lemma braid_relation: "r1 * (r0 * (r1 * (r0 * (r1 * r0)))) = r0 * (r1 * (r0 * (r1 * (r0 * r1))))"
proof -
  define u where "u = r1 * (r0 * (r1 * (r0 * (r1 * r0))))"
  define u' where "u' = r0 * (r1 * (r0 * (r1 * (r0 * r1))))"
  have u_involution: "u * u = 1"
    using r1r0_order by (simp add: u_def numeral_eq_Suc mult.assoc)
  have u'_inverse: "u' * u = 1"
    by (simp add: u_def u'_def mult.assoc r0_sq)
  have "u' = (u' * u) * u"
    by (simp add: mult.assoc u_involution)
  also have "\<dots> = u"
    by (simp add: u'_inverse)
  finally show ?thesis
    unfolding u_def u'_def by (rule sym)
qed

lemma braid_relation_left:
  "r1 * (r0 * (r1 * (r0 * (r1 * (r0 * x))))) = r0 * (r1 * (r0 * (r1 * (r0 * (r1 * x)))))"
  using arg_cong[OF braid_relation, of "\<lambda>y. y * x"] by (simp add: mult.assoc)

lemma weval_reduce_Cons:
  assumes "c \<in> set reduced_words" and "i \<in> {0, 1}"
  shows "weval r0 r1 (i # c) = weval r0 r1 (reduce_Cons i c)"
  using assms unfolding reduced_words_def
  by (simp only: set_simps insert_iff empty_iff)
    (elim disjE; simp add: reduce_Cons_def mult.assoc r0_sq r1_sq braid_relation braid_relation_left)

lemma reduced_word_exists:
  assumes "is_word a"
  shows "\<exists>c\<in>set reduced_words. weval r0 r1 a = weval r0 r1 c \<and> wact a = wact c"
  using assms
proof (induction a)
  case Nil
  show ?case
    by (rule bexI[of _ "[]"]) (simp_all add: reduced_words_def)
next
  case (Cons i a)
  then have i: "i \<in> {0, 1}" and "is_word a"
    by simp_all
  then obtain c where c: "c \<in> set reduced_words"
    and weval_c: "weval r0 r1 a = weval r0 r1 c" and wact_c: "wact a = wact c"
    using Cons.IH by blast
  have "weval r0 r1 (i # a) = weval r0 r1 (reduce_Cons i c)"
    using weval_c weval_reduce_Cons[OF c i] by simp
  moreover have "wact (i # a) = wact (reduce_Cons i c)"
    using wact_c wact_reduce_Cons[OF c i] by (intro ext) simp
  ultimately show ?case
    using reduce_Cons_in_reduced_words[OF c i] by blast
qed

lemma weval_rev_inverse:
  assumes "is_word a"
  shows "weval r0 r1 a * weval r0 r1 (rev a) = 1 \<and> weval r0 r1 (rev a) * weval r0 r1 a = 1"
  using assms
proof (induction a)
  case (Cons i a)
  define g where "g = (if i = 0 then r0 else r1)"
  have "g * g = 1"
    by (simp add: g_def r0_sq r1_sq)
  moreover have "weval r0 r1 (i # a) * weval r0 r1 (rev (i # a))
      = g * (weval r0 r1 a * weval r0 r1 (rev a)) * g"
    and "weval r0 r1 (rev (i # a)) * weval r0 r1 (i # a)
      = weval r0 r1 (rev a) * (g * g) * weval r0 r1 a"
    by (simp_all add: g_def weval_append mult.assoc)
  ultimately show ?case
    using Cons by simp
qed simp

lemma weval_rev_eq:
  assumes "is_word a" and "is_word c" and "weval r0 r1 a = weval r0 r1 c"
  shows "weval r0 r1 (rev a) = weval r0 r1 (rev c)"
proof -
  have "weval r0 r1 (rev a) = weval r0 r1 (rev a) * (weval r0 r1 c * weval r0 r1 (rev c))"
    using weval_rev_inverse[OF assms(2)] by simp
  also have "\<dots> = (weval r0 r1 (rev a) * weval r0 r1 a) * weval r0 r1 (rev c)"
    using assms(3) by (simp add: mult.assoc)
  also have "\<dots> = weval r0 r1 (rev c)"
    using weval_rev_inverse[OF assms(1)] by simp
  finally show ?thesis .
qed

end

definition reduced_stabilizer :: "nat \<Rightarrow> nat list set" where
  "reduced_stabilizer i =
     (if i = 0 then {[], [0], [1,0,1,0,1], [0,1,0,1,0,1]} else {[], [1], [0,1,0,1,0], [0,1,0,1,0,1]})"

lemma reduced_word_stabilizer:
  assumes "c \<in> set reduced_words" and "i \<in> {0, 1}" and "wdot c (beta i) = beta i"
  shows "c \<in> reduced_stabilizer i"
proof -
  have "beta i \<in> Psi_pos"
    using assms(2) by (auto simp: beta_def Psi_pos_def)
  moreover have "wact c (beta i) \<in> Psi_pos \<or> neg_root (wact c (beta i)) \<in> Psi_pos"
    using assms(1,2) unfolding reduced_words_def
    by (simp only: set_simps insert_iff empty_iff)
      (elim disjE; simp add: beta_def refl_def neg_root_def Psi_pos_def)
  ultimately have "wact c (beta i) = beta i \<or> wact c (beta i) = neg_root (beta i)"
    using assms(3) by (rule wdot_fixed_imp_wact[rotated])
  then show ?thesis
    using assms(1,2) unfolding reduced_words_def
    by (simp only: set_simps insert_iff empty_iff)
      (elim disjE; simp add: reduced_stabilizer_def beta_def refl_def neg_root_def)
qed

locale brauer_G2 =
  fixes d r0 r1 e0 e1 :: "'a::ring_1"
  assumes rels: "BrG2_rels d r0 r1 e0 e1"

sublocale brauer_G2 \<subseteq> dihedral_order_12 r0 r1
  using rels by unfold_locales (simp_all add: BrG2_rels_def)

context brauer_G2
begin

lemma relations:
  "r0 * e0 = e0" "e0 * r0 = e0" "r1 * e1 = e1" "e1 * r1 = e1"
  "r0 * e1 * e0 = r1 * e0" "e0 * e1 * r0 = e0 * r1"
  "e1 * r0 * e1 * r0 * e1 = e1" "e1 * r0 * e1 * r0 * r1 = e1 * r0 * r1 * r0"
  "r1 * r0 * e1 * r0 * e1 = r0 * r1 * r0 * e1"
  using rels by (simp_all add: BrG2_rels_def)

lemma r0_e0: "r0 * (e0 * x) = e0 * x" and e0_r0: "e0 * (r0 * x) = e0 * x"
  and r1_e1: "r1 * (e1 * x) = e1 * x" and e1_r1: "e1 * (r1 * x) = e1 * x"
  and r0_e1_e0: "r0 * (e1 * (e0 * x)) = r1 * (e0 * x)"
  and e0_e1_r0: "e0 * (e1 * (r0 * x)) = e0 * (r1 * x)"
  and e1_r0_e1_r0_e1: "e1 * (r0 * (e1 * (r0 * (e1 * x)))) = e1 * x"
  and e1_r0_e1_r0_r1: "e1 * (r0 * (e1 * (r0 * (r1 * x)))) = e1 * (r0 * (r1 * (r0 * x)))"
  and r1_r0_e1_r0_e1: "r1 * (r0 * (e1 * (r0 * (e1 * x)))) = r0 * (r1 * (r0 * (e1 * x)))"
  by (simp_all add: relations flip: mult.assoc)

text \<open>\<open>r\<^sub>1r\<^sub>0r\<^sub>1r\<^sub>0r\<^sub>1\<close> is the reflection in \<open>3\<beta>\<^sub>0 + 2\<beta>\<^sub>1\<close>, the root orthogonal to \<open>\<beta>\<^sub>0\<close>;
  it is absorbed by \<open>e\<^sub>0\<close> on either side because \<open>r\<^sub>1e\<^sub>0 = r\<^sub>0e\<^sub>1e\<^sub>0\<close>.\<close>

lemma e0_absorbs_left: "r1 * (r0 * (r1 * (r0 * (r1 * (e0 * x))))) = e0 * x"
proof -
  have "r1 * (r0 * (r1 * (r0 * (r1 * (e0 * x))))) = r1 * (r0 * (r1 * (r0 * (r0 * (e1 * (e0 * x))))))"
    by (simp only: r0_e1_e0)
  also have "\<dots> = r1 * (r0 * (e1 * (e0 * x)))"
    by (simp add: r1_e1)
  also have "\<dots> = e0 * x"
    by (simp add: r0_e1_e0)
  finally show ?thesis .
qed

lemma e0_absorbs_right: "e0 * (r1 * (r0 * (r1 * (r0 * (r1 * x))))) = e0 * x"
proof -
  have "e0 * (r1 * (r0 * (r1 * (r0 * (r1 * x))))) = e0 * (e1 * (r0 * (r0 * (r1 * (r0 * (r1 * x))))))"
    by (simp only: e0_e1_r0)
  also have "\<dots> = e0 * (e1 * (r0 * (r1 * x)))"
    by (simp add: e1_r1)
  also have "\<dots> = e0 * x"
    by (simp add: e0_e1_r0)
  finally show ?thesis .
qed

lemma r0r1r0_e1_r0r1r0:
  "r0 * (r1 * (r0 * (e1 * (r0 * (r1 * (r0 * x)))))) = r1 * (r0 * (e1 * (r0 * (r1 * x))))"
proof -
  have "r0 * (r1 * (r0 * (e1 * (r0 * (r1 * (r0 * x))))))
      = r1 * (r0 * (e1 * (r0 * (e1 * (r0 * (r1 * (r0 * x)))))))"
    by (simp only: r1_r0_e1_r0_e1)
  also have "\<dots> = r1 * (r0 * (e1 * (r0 * (e1 * (r0 * (e1 * (r0 * (r1 * x))))))))"
    by (simp only: e1_r0_e1_r0_r1)
  also have "\<dots> = r1 * (r0 * (e1 * (r0 * (r1 * x))))"
    by (simp only: e1_r0_e1_r0_e1)
  finally show ?thesis .
qed

text \<open>\<open>r\<^sub>0r\<^sub>1r\<^sub>0r\<^sub>1r\<^sub>0\<close> is the reflection in \<open>2\<beta>\<^sub>0 + \<beta>\<^sub>1\<close>, the root orthogonal to \<open>\<beta>\<^sub>1\<close>.\<close>

lemma e1_conj_r0r1r0r1r0:
  "r0 * (r1 * (r0 * (r1 * (r0 * (e1 * (r0 * (r1 * (r0 * (r1 * (r0 * x)))))))))) = e1 * x"
  using r0r1r0_e1_r0r1r0[of "r1 * (r0 * x)"] by simp

lemmas absorption_at_1 = r0_e0[of 1] e0_r0[of 1] r1_e1[of 1] e1_r1[of 1]
  e0_absorbs_left[of 1] e0_absorbs_right[of 1] e1_conj_r0r1r0r1r0[of 1]

lemma e0_conj_stabilizer:
  assumes "c \<in> reduced_stabilizer 0"
  shows "weval r0 r1 c * e0 * weval r0 r1 (rev c) = e0"
  using assms
  by (simp add: reduced_stabilizer_def)
    (elim disjE; simp add: mult.assoc r0_e0 e0_r0 e0_absorbs_left e0_absorbs_right
      absorption_at_1[simplified])

lemma e1_conj_stabilizer:
  assumes "c \<in> reduced_stabilizer 1"
  shows "weval r0 r1 c * e1 * weval r0 r1 (rev c) = e1"
  using assms
  by (simp add: reduced_stabilizer_def)
    (elim disjE; simp add: mult.assoc r1_e1 e1_r1 e1_conj_r0r1r0r1r0 absorption_at_1[simplified])

end

theorem lemma9p4:
  fixes d r0 r1 e0 e1 :: "'a::ring_1"
  assumes "BrG2_rels d r0 r1 e0 e1"
    and "i \<in> {0, 1::nat}"
    and "a \<in> N_stab i"
  shows "weval r0 r1 a * (if i = 0 then e0 else e1) * weval r0 r1 (rev a)
           = (if i = 0 then e0 else e1)"
proof -
  interpret brauer_G2 d r0 r1 e0 e1
    using assms(1) by unfold_locales
  have a: "is_word a" and a_stab: "wdot a (beta i) = beta i"
    using assms(3) by (simp_all add: N_stab_def)
  obtain c where c: "c \<in> set reduced_words"
    and weval_c: "weval r0 r1 a = weval r0 r1 c" and wact_c: "wact a = wact c"
    using reduced_word_exists[OF a] by blast
  have "wdot c (beta i) = beta i"
    using a_stab wact_c by (simp add: wdot_def)
  then have c_stab: "c \<in> reduced_stabilizer i"
    using reduced_word_stabilizer[OF c assms(2)] by blast
  have "weval r0 r1 (rev a) = weval r0 r1 (rev c)"
    using weval_rev_eq[OF a reduced_word_is_word[OF c] weval_c] .
  then show ?thesis
    using assms(2) c_stab e0_conj_stabilizer e1_conj_stabilizer weval_c by auto
qed

end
★ ★ ★ ★
| Assignment |
Copy down every line of the entries containing the word "rule".

| Output for this exercise |
    unfolding u_def u'_def by (rule sym)
    by (rule bexI[of _ "[]"]) (simp_all add: reduced_words_def)
    using assms(3) by (rule wdot_fixed_imp_wact[rotated])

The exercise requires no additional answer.